### Problem description
Among the records, how many lines carry the string "mathrm"? Give that number with nothing added.

### Exercise data
——————————

lemma level_orth_matrix_fraction:
  fixes x y :: int and l :: nat
  assumes "l > 0" "coprime x y" "s = 1 \<or> s = -1"
  shows "level (orth_matrix (of_int x / of_nat l) (of_int y / of_nat l) s) = l"
  unfolding level_orth_matrix[OF assms(3)] of_nat_mult_fraction_in_Ints_iff[OF assms(1)]
proof (rule Least_equality)
  show "1 \<le> l \<and> int l dvd int l * x \<and> int l dvd int l * y"
    using assms(1) by simp
next
  fix k assume k: "1 \<le> k \<and> int l dvd int k * x \<and> int l dvd int k * y"
  then have "int l dvd gcd (int k * x) (int k * y)"
    by simp
  also have "gcd (int k * x) (int k * y) = int k"
    using assms(2) by (simp add: gcd_mult_left)
  finally show "l \<le> k"
    using k by (simp add: dvd_imp_le)
qed

lemma rat_common_denominator:
  fixes a b :: rat
  obtains k :: nat where "k \<ge> 1" "of_nat k * a \<in> \<int>" "of_nat k * b \<in> \<int>"
proof -
  obtain na da nb db where qa: "quotient_of a = (na, da)" and qb: "quotient_of b = (nb, db)"
    by (cases "quotient_of a", cases "quotient_of b") auto
  have "da > 0" "db > 0"
    using quotient_of_denom_pos[OF qa] quotient_of_denom_pos[OF qb] .
  define k where "k = nat da * nat db"
  have "k \<ge> 1"
    unfolding k_def using \<open>da > 0\<close> \<open>db > 0\<close> by (simp add: Suc_le_eq)
  moreover have "of_nat k * a = of_int (db * na)" "of_nat k * b = of_int (da * nb)"
    unfolding k_def quotient_of_div[OF qa] quotient_of_div[OF qb]
    using \<open>da > 0\<close> \<open>db > 0\<close> by (simp_all add: field_simps)
  ultimately show thesis
    using that by (metis Ints_of_int)
qed

lemma gcd_least_common_denominator:
  fixes a b :: rat and x y :: int and l :: nat
  assumes "l \<ge> 1" "of_nat l * a = of_int x" "of_nat l * b = of_int y"
    and minimal: "\<And>k. k \<ge> 1 \<Longrightarrow> of_nat k * a \<in> \<int> \<Longrightarrow> of_nat k * b \<in> \<int> \<Longrightarrow> l \<le> k"
  shows "gcd (gcd x y) (int l) = 1"
proof -
  define g where "g = gcd (gcd x y) (int l)"
  have "g > 0"
    using assms(1) unfolding g_def by simp
  obtain x' y' l' where x': "x = g * x'" and y': "y = g * y'" and l': "int l = g * l'"
    unfolding g_def by (meson dvd_def dvd_trans gcd_dvd1 gcd_dvd2)
  have "l' > 0"
    using l' \<open>g > 0\<close> assms(1) zero_less_mult_pos[of g l'] by simp
  have "of_int (g * l') * a = (of_int (g * x') :: rat)" "of_int (g * l') * b = (of_int (g * y') :: rat)"
    unfolding l'[symmetric] x'[symmetric] y'[symmetric] using assms(2,3) by simp_all
  then have "of_int l' * a = (of_int x' :: rat)" "of_int l' * b = (of_int y' :: rat)"
    using \<open>g > 0\<close> by (simp_all add: mult.assoc)
  then have "of_nat (nat l') * a = of_int x'" "of_nat (nat l') * b = of_int y'"
    using \<open>g > 0\<close> \<open>l' > 0\<close> by simp_all
  then have "l \<le> nat l'"
    using \<open>l' > 0\<close> by (intro minimal) auto
  then have "g * l' \<le> 1 * l'"
    using l' le_nat_iff[of l' l] \<open>l' > 0\<close> by simp
  then have "g = 1"
    using \<open>g > 0\<close> \<open>l' > 0\<close> by (simp add: mult_le_cancel_right)
  then show ?thesis
    unfolding g_def .
qed

lemma orth_level_2E:
  fixes Q :: "rat^2^2"
  assumes "Q \<in> orth_level l"
  obtains s x y where "s = 1 \<or> s = -1" "(x, y) \<in> prim_reps (int l ^ 2)"
    "Q = orth_matrix (of_int x / of_nat l) (of_int y / of_nat l) s"
proof -
  have "rat_orthogonal Q"
    using assms unfolding orth_level_def by simp
  then obtain a b s where ab: "a\<^sup>2 + b\<^sup>2 = 1" and s: "s = 1 \<or> s = -1" and Q: "Q = orth_matrix a b s"
    by (rule rat_orthogonal_2E)
  define P where "P k \<longleftrightarrow> 1 \<le> k \<and> of_nat k * a \<in> \<int> \<and> of_nat k * b \<in> \<int>" for k :: nat
  have l: "l = (LEAST k. P k)"
    using assms level_orth_matrix[OF s] unfolding orth_level_def Q P_def by simp
  obtain k where "P k"
    using rat_common_denominator[of a b] unfolding P_def by blast
  then have "P l" and minimal: "\<And>k. P k \<Longrightarrow> l \<le> k"
    unfolding l by (auto intro: LeastI Least_le)
  then have "l \<ge> 1"
    unfolding P_def by simp
  obtain x y where x: "of_nat l * a = of_int x" and y: "of_nat l * b = of_int y"
    using \<open>P l\<close> unfolding P_def by (auto elim!: Ints_cases)
  have "(of_int (x\<^sup>2 + y\<^sup>2) :: rat) = (of_nat l)\<^sup>2 * (a\<^sup>2 + b\<^sup>2)"
    by (simp add: power_mult_distrib algebra_simps flip: x y)
  then have sq: "x\<^sup>2 + y\<^sup>2 = int l ^ 2"
    using ab by (metis mult_1_right of_int_eq_iff of_int_of_nat_eq of_int_power)
  have "gcd x y ^ 2 dvd int l ^ 2"
    unfolding sq[symmetric] by (simp add: dvd_add)
  then have "gcd x y = gcd (gcd x y) (int l)"
    by (simp add: pow_divides_pow_iff gcd_proj1_iff)
  also have "\<dots> = 1"
    using gcd_least_common_denominator[OF \<open>l \<ge> 1\<close> x y] minimal unfolding P_def by blast
  finally have "(x, y) \<in> prim_reps (int l ^ 2)"
    using sq unfolding prim_reps_def by (simp add: coprime_iff_gcd_eq_1)
  moreover have "a = of_int x / of_nat l" "b = of_int y / of_nat l"
    using x y \<open>l \<ge> 1\<close> by (simp_all add: eq_divide_eq mult.commute)
  ultimately show thesis
    using that s unfolding Q by blast
qed
(* Let $p,n$ be positive integers, $\lambda$ a partition of $n$ and $\mu\in\mathrm{Par}(n,p)$, such that $\lambda\in\mathrm{Par}(n,pq)$ for the values of $q$ considered. There is an integer $q_+$ with $1\le q_+\le n$ such that $(\bar\lambda,\bar\mu)\in\Gamma^{p,q}$ for every integer $q\ge q_+$.
   Context: $\mathrm{Par}(n,d)$ is the set of partitions of $n$ with at most $d$ rows. For a partition $\lambda$ of $n$, $\bar\lambda=(\lambda_1/n,\lambda_2/n,\dots)$, padded with zeros to the required length. $\Gamma^{p,q}$ is the set of pairs $(\mathrm{spec}(\rho_{AB}),\mathrm{spec}(\rho_A))$, where $\rho_{AB}$ ranges over density operators on $\mathbb{C}^p\otimes\mathbb{C}^q$, $\rho_A=\mathrm{tr}_B\rho_{AB}$, and spectra are non-increasingly ordered vectors in $\mathbb{R}^{pq}$ and $\mathbb{R}^p$. *)

theory Defs
  imports "Jordan_Normal_Form.Schur_Decomposition" "Jordan_Normal_Form.Char_Poly"
begin

definition is_partition :: "nat \<Rightarrow> nat list \<Rightarrow> bool" where
  "is_partition n la \<longleftrightarrow> sorted_wrt (\<ge>) la \<and> (\<forall>x\<in>set la. 0 < x) \<and> sum_list la = n"

definition Par :: "nat \<Rightarrow> nat \<Rightarrow> nat list set" where
  "Par n d = {la. is_partition n la \<and> length la \<le> d}"

definition bar :: "nat \<Rightarrow> nat \<Rightarrow> nat list \<Rightarrow> real list" where
  "bar n d la = map (\<lambda>x. real x / real n) la @ replicate (d - length la) 0"

definition density_op :: "nat \<Rightarrow> complex mat \<Rightarrow> bool" where
  "density_op d \<rho> \<longleftrightarrow> \<rho> \<in> carrier_mat d d \<and> mat_adjoint \<rho> = \<rho> \<and>
     (\<forall>v \<in> carrier_vec d.
        0 \<le> Re (\<Sum>i<d. \<Sum>j<d. cnj (v $ i) * \<rho> $$ (i, j) * v $ j)) \<and>
     (\<Sum>i<d. \<rho> $$ (i, i)) = 1"

(* partial trace over B of an operator on C^p \<otimes> C^q, basis e_i \<otimes> f_j indexed by i*q+j *)
definition ptrace_B :: "nat \<Rightarrow> nat \<Rightarrow> complex mat \<Rightarrow> complex mat" where
  "ptrace_B p q \<rho> = mat p p (\<lambda>(i, i'). \<Sum>j<q. \<rho> $$ (i * q + j, i' * q + j))"

definition is_spec :: "complex mat \<Rightarrow> real list \<Rightarrow> bool" where
  "is_spec A s \<longleftrightarrow> sorted_wrt (\<ge>) s \<and> length s = dim_row A \<and>
     char_poly A = (\<Prod>a\<leftarrow>s. [:- complex_of_real a, 1:])"

definition Gamma :: "nat \<Rightarrow> nat \<Rightarrow> (real list \<times> real list) set" where
  "Gamma p q = {(s, t). \<exists>\<rho>. density_op (p * q) \<rho> \<and> is_spec \<rho> s \<and>
                        is_spec (ptrace_B p q \<rho>) t}"

end

theory Submission
  imports Defs
begin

——————————

### Task solution
2